Kinder und Jugendliche hängen zu viel am Computer. Das zeigten verschiedene Umfragen in den vergangenen Jahren. Einer neuen Studie zufolge sind viele von ihnen sogar regelrecht süchtig: Eine halbe Stunde ohne Handy ist für einen Großteil der Kleinen bereits eine Herausforderung.
Viele Kinder halten es nur eine halbe Stunde ohne Smartphone aus
Ein schnelles Mittagessen ist gerade noch drin: Rund eine halbe Stunde halten es die meisten Kinder aus, ohne auf ihr Smartphone oder den Rechner zu schauen. Doch dann ist Schluss. Nach etwa 30 Minuten zieht es 60 Prozent der Neun- bis Zehnjährigen wieder an eines der digitalen Medien. Dies hat eine Studie des Projekts „Blikk-Medien“ (Bewältigung-Lernverhalten-Intelligenz-Krankheiten-Kinder) ergeben, wie „welt.de“ berichtet. Entwickelt wurde das Projekt vom Institut für Medizinökonomie und Medizinische Versorgungsforschung der RFH Köln (iMöV) und dem Berufsverband der Kinder- und Jugendärzte (BVKJ). Bislang sind die Folgen des exzessiven Medienkonsums wissenschaftlich nicht erforscht, beklagen die Kinderärzte.

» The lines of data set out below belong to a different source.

(* Let $d\ge 5$ and let $\mathcal A_1,\dots,\mathcal A_d\subset 2^{[n]}$ be pairwise cross-IU families (for all $i\ne j$ and all $A\in\mathcal A_i$, $B\in\mathcal A_j$: $A\cap B\neq\emptyset$ and $A\cup B\neq[n]$) with $|\mathcal A_1|\ge|\mathcal A_2|\ge\dots\ge|\mathcal A_d|$. Then $$|\mathcal A_1|+\dots+|\mathcal A_d|\le d\,2^{n-2}.$$ Moreover, the inequality is strict unless $\mathcal A_1=\dots=\mathcal A_d$.
   Context: $[n]=\{1,\dots,n\}$ and $2^{[n]}$ is its power set. *)

theory Defs
  imports Complex_Main
begin

definition cross_IU :: "nat \<Rightarrow> nat set set \<Rightarrow> nat set set \<Rightarrow> bool" where
  "cross_IU n \<A> \<B> \<longleftrightarrow>
     (\<forall>A\<in>\<A>. \<forall>B\<in>\<B>. A \<inter> B \<noteq> {} \<and> A \<union> B \<noteq> {1..n})"

end

theory Submission
  imports Defs
begin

Gesundheitliche Auswirkungen exzessiven Medienkonsums
Die Drogenbeauftragte der Bundesregierung, Marlene Mortler (CSU) erläuterte: „Viele Jugendliche zeigen bereits heute Anzeichen einer Medienabhängigkeit.“ Sie sagte weiter: „Es ist daher richtig, bereits frühzeitig Kinder und ihre Eltern an einen verantwortungsbewussten Mediengebrauch heranzuführen.“ Möglicherweise könnten so spätere Abhängigkeiten verhindert werden. Die Frage nach den gesundheitlichen Auswirkungen übermäßiger Mediennutzung ist für die Kinderärzte „eine der wichtigsten überhaupt“. Frühere Untersuchungen zeigten, dass viele Kinder und Jugendliche zum Beispiel unter Kopfschmerzen oder Rückenschmerzen leiden, die durch lange Verweildauer am Bildschirm verursacht werden. Außerdem droht soziale Vereinsamung. So hat eine Studie der Klinik für Psychosomatische Medizin an der Universitätsmedizin Mainz ergeben, dass Jugendliche durchs Internet vereinsamen, wenn sie zu viel Zeit im Internet, etwa mit sozialen Netzwerken oder Onlinespielen verbringen.

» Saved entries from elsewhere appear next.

(* Let $v,w\in\mathbb{R}^n$ be such that $v$ has at least one positive entry and at least one negative entry, and $w\neq 0$. Then there exists an invertible matrix $B\in\mathbb{R}^{n\times n}$ with $B\geq 0$ (entrywise) such that $Bv=w$.
   Context: For a matrix or vector, $\geq 0$ means all entries are nonnegative. *)

theory Defs
  imports "HOL-Analysis.Analysis"
begin

end

theory Submission
  imports Defs
begin

text \<open>
  Pick coordinates p, q with v$p > 0 > v$q. Every real number is a nonnegative combination
  of v$p and v$q, so every row other than p, q can be taken to be a unit row plus nonnegative
  entries in columns p and q that correct its value. Rows p and q form a 2x2 nonnegative block
  on columns p, q, and adding multiples of the positive kernel vector (-v$q, v$p) to its rows
  makes the block nonsingular as soon as w$p or w$q is nonzero; the resulting matrix is then
  invertible because rows p and q involve only columns p and q. If w vanishes at p and q,
  apply this to a permutation of w and permute the rows back.
\<close>

lemma nonneg_combination_of_opposite_signs:
  fixes P Q c :: real
  assumes "P > 0" "Q < 0"
  obtains a b where "a \<ge> 0" "b \<ge> 0" "a * P + b * Q = c"
proof (cases "c \<ge> 0")
  case True
  with assms show ?thesis by (intro that[of "c / P" 0]) auto
next
  case False
  with assms show ?thesis by (intro that[of 0 "c / Q"]) (auto simp: divide_nonpos_neg)
qed

lemma nonsingular_nonneg_2x2_solution:
  fixes P Q w1 w2 :: real
  assumes P: "P > 0" and Q: "Q < 0" and w: "w1 \<noteq> 0 \<or> w2 \<noteq> 0"
  obtains \<alpha> \<beta> \<gamma> \<delta> where "\<alpha> \<ge> 0" "\<beta> \<ge> 0" "\<gamma> \<ge> 0" "\<delta> \<ge> 0"
    "\<alpha> * P + \<beta> * Q = w1" "\<gamma> * P + \<delta> * Q = w2" "\<alpha> * \<delta> - \<beta> * \<gamma> \<noteq> 0"
proof -
  obtain a b where ab: "a \<ge> 0" "b \<ge> 0" "a * P + b * Q = w1"
    using nonneg_combination_of_opposite_signs[OF P Q] .
  obtain c d where cd: "c \<ge> 0" "d \<ge> 0" "c * P + d * Q = w2"
    using nonneg_combination_of_opposite_signs[OF P Q] .
  have shift_row1: "(a - Q) * P + (b + P) * Q = w1" and shift_row2: "(c - Q) * P + (d + P) * Q = w2"
    using ab(3) cd(3) by (simp_all add: algebra_simps)
  have det_shift1: "(a - Q) * d - (b + P) * c = (a * d - b * c) - w2"
   and det_shift2: "a * (d + P) - b * (c - Q) = (a * d - b * c) + w1"
    by (simp_all add: ab(3)[symmetric] cd(3)[symmetric] algebra_simps)
  consider "a * d - b * c \<noteq> 0" | "a * d - b * c = 0" "w1 \<noteq> 0" | "a * d - b * c = 0" "w2 \<noteq> 0"
    using w by blast
  then show ?thesis
  proof cases
    case 1
    with ab cd show ?thesis by (intro that) auto
  next
    case 2
    with ab cd P Q shift_row2 det_shift2 show ?thesis by (intro that[of a b "c - Q" "d + P"]) auto
  next
    case 3
    with ab cd P Q shift_row1 det_shift1 show ?thesis by (intro that[of "a - Q" "b + P" c d]) auto
  qed
qed

lemma invertible_if_kernel_trivial:
  fixes A :: "'a::field ^ 'n ^ 'n"
  assumes "\<And>x. A *v x = 0 \<Longrightarrow> x = 0"
  shows "invertible A"
  using assms invertible_left_inverse matrix_left_invertible_ker by blast

lemma nonneg_invertible_solution_pivot:
  fixes v w :: "real ^ 'n"
  assumes vp: "v $ p > 0" and vq: "v $ q < 0" and w: "w $ p \<noteq> 0 \<or> w $ q \<noteq> 0"
  obtains B :: "real ^ 'n ^ 'n" where "invertible B" "\<forall>i j. B $ i $ j \<ge> 0" "B *v v = w"
proof -
  have "p \<noteq> q" using vp vq by auto
  have "\<forall>i. \<exists>a b. a \<ge> 0 \<and> b \<ge> 0 \<and> a * v$p + b * v$q = w$i - v$i"
    using nonneg_combination_of_opposite_signs[OF vp vq] by metis
  then obtain a b where ab: "\<And>i. a i \<ge> 0" "\<And>i. b i \<ge> 0" "\<And>i. a i * v$p + b i * v$q = w$i - v$i"
    by metis
  obtain \<alpha> \<beta> \<gamma> \<delta> where block: "\<alpha> \<ge> 0" "\<beta> \<ge> 0" "\<gamma> \<ge> 0" "\<delta> \<ge> 0"
    "\<alpha> * v$p + \<beta> * v$q = w$p" "\<gamma> * v$p + \<delta> * v$q = w$q" and det: "\<alpha> * \<delta> - \<beta> * \<gamma> \<noteq> 0"
    using nonsingular_nonneg_2x2_solution[OF vp vq w] .
  define B :: "real ^ 'n ^ 'n" where "B = (\<chi> i j.
      if i = p then (if j = p then \<alpha> else 0) + (if j = q then \<beta> else 0)
      else if i = q then (if j = p then \<gamma> else 0) + (if j = q then \<delta> else 0)
      else (if j = i then 1 else 0) + (if j = p then a i else 0) + (if j = q then b i else 0))"
  have B_mult: "(B *v x) $ i =
      (if i = p then \<alpha> * x$p + \<beta> * x$q else if i = q then \<gamma> * x$p + \<delta> * x$q
       else x$i + a i * x$p + b i * x$q)" for x i
    using \<open>p \<noteq> q\<close>
    by (simp add: matrix_vector_mult_def B_def distrib_right sum.distrib
        if_distrib[of "\<lambda>y. y * _"] cong: if_cong)
  have "invertible B"
  proof (rule invertible_if_kernel_trivial)
    fix x assume x: "B *v x = 0"
    have rows: "\<alpha> * x$p + \<beta> * x$q = 0" "\<gamma> * x$p + \<delta> * x$q = 0"
      using x B_mult[of x p] B_mult[of x q] \<open>p \<noteq> q\<close> by (simp_all add: vec_eq_iff)
    have "(\<alpha> * \<delta> - \<beta> * \<gamma>) * x$p = 0" "(\<alpha> * \<delta> - \<beta> * \<gamma>) * x$q = 0"
      using rows by algebra+
    with det have "x$p = 0" "x$q = 0" by simp_all
    with x show "x = 0"
      by (auto simp: vec_eq_iff B_mult split: if_splits)
  qed
  moreover have "\<forall>i j. B $ i $ j \<ge> 0"
    using block ab by (auto simp: B_def)
  moreover have "B *v v = w"
    using block ab by (auto simp: vec_eq_iff B_mult algebra_simps)
  ultimately show ?thesis by (rule that)
qed

lemma matrix_vector_mult_permute_rows:
  "(\<chi> i. A $ \<sigma> i) *v x = (\<chi> i. (A *v x) $ \<sigma> i)"
  by (simp add: matrix_vector_mult_def vec_eq_iff)

lemma invertible_permute_rows:
  fixes A :: "'a::field ^ 'n ^ 'n" and \<sigma> :: "'n \<Rightarrow> 'n"
  assumes A: "invertible A" and \<sigma>: "surj \<sigma>"
  shows "invertible (\<chi> i. A $ \<sigma> i)"
proof (rule invertible_if_kernel_trivial)
  fix x assume "(\<chi> i. A $ \<sigma> i) *v x = 0"
  then have "(A *v x) $ \<sigma> i = 0" for i
    by (simp add: matrix_vector_mult_permute_rows vec_eq_iff)
  with \<sigma> have "A *v x = A *v 0"
    by (metis matrix_vector_mult_0_right surjD vec_eq_iff zero_index)
  with inj_matrix_vector_mult[OF A] show "x = 0" by (rule injD)
qed

theorem mainTheorem2:
  fixes v w :: "real ^ 'n"
  assumes "\<exists>i. v $ i > 0"
    and "\<exists>j. v $ j < 0"
    and "w \<noteq> 0"
  shows "\<exists>B :: real ^ 'n ^ 'n. invertible B \<and> (\<forall>i j. B $ i $ j \<ge> 0) \<and> B *v v = w"
proof -
  obtain p q where vp: "v $ p > 0" and vq: "v $ q < 0" using assms(1,2) by blast
  obtain k where "w $ k \<noteq> 0" using assms(3) by (auto simp: vec_eq_iff)
  define \<sigma> where "\<sigma> = Transposition.transpose p k"
  have \<sigma>: "surj \<sigma>" "\<sigma> (\<sigma> i) = i" for i
    by (simp_all add: \<sigma>_def bij_is_surj)
  have "(\<chi> i. w $ \<sigma> i) $ p \<noteq> 0"
    using \<open>w $ k \<noteq> 0\<close> by (simp add: \<sigma>_def)
  then obtain B where B: "invertible B" "\<forall>i j. B $ i $ j \<ge> 0" "B *v v = (\<chi> i. w $ \<sigma> i)"
    using nonneg_invertible_solution_pivot[OF vp vq] by blast
  have "invertible (\<chi> i. B $ \<sigma> i)"
    using invertible_permute_rows[OF B(1) \<sigma>(1)] .
  moreover have "\<forall>i j. (\<chi> i. B $ \<sigma> i) $ i $ j \<ge> 0"
    using B(2) by simp
  moreover have "(\<chi> i. B $ \<sigma> i) *v v = w"
    by (simp add: matrix_vector_mult_permute_rows B(3) \<sigma>(2) vec_eq_iff)
  ultimately show ?thesis by blast
qed

end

Eine halbe Million Bürger gelten als internetabhängig
Bereits im Vorschulalter hätten manche Mädchen und Jungen Zugang zu Smartphones und seien im Internet unterwegs, heißt es in der aktuellen Studie. Viele der über Zwölfjährigen seien demnach fast pausenlos mit Handys und Laptops beschäftigt. Laut dem Drogen- und Suchtbericht der Bundesregierung gelten über eine halbe Million der 14- bis 64-Jährigen als internetabhängig. Bisher werde kaum untersucht, welche Folgen dies langfristig habe. Eine Internetabhängigkeit ist bislang als Verhaltenssucht nicht von der Weltgesundheitsorganisation (WHO) als eigenständiges Krankheitsbild anerkannt. Seit Jahren drängen Mediziner und Therapeuten auf eine entsprechende Anerkennung.
Flächendeckende Fragebogenaktion geplant
Vom Verband der Kinder- und Jugendärzte ist nun eine flächendeckende Fragebogenaktion in Kinderarztpraxen geplant. Der Verbandspräsident Wolfram Hartmann beklagte im Berliner „Tagesspiegel“, dass man dafür keine Unterstützung bekomme. Weder vom Gesundheits- noch vom Familienministerium. Den Angaben zufolge zeigt die aktuelle Blikk-Studie auch, dass sich Eltern etwa bei der Ernährung als Vorbilder sehen, aber nur bedingt im Umgang mit digitalen Medien. Darüber hinaus meinen viele Mütter und Väter, dass Neun- bis Zehnjährige Aktivitäten wie Lesen vernachlässigen würden. (ad)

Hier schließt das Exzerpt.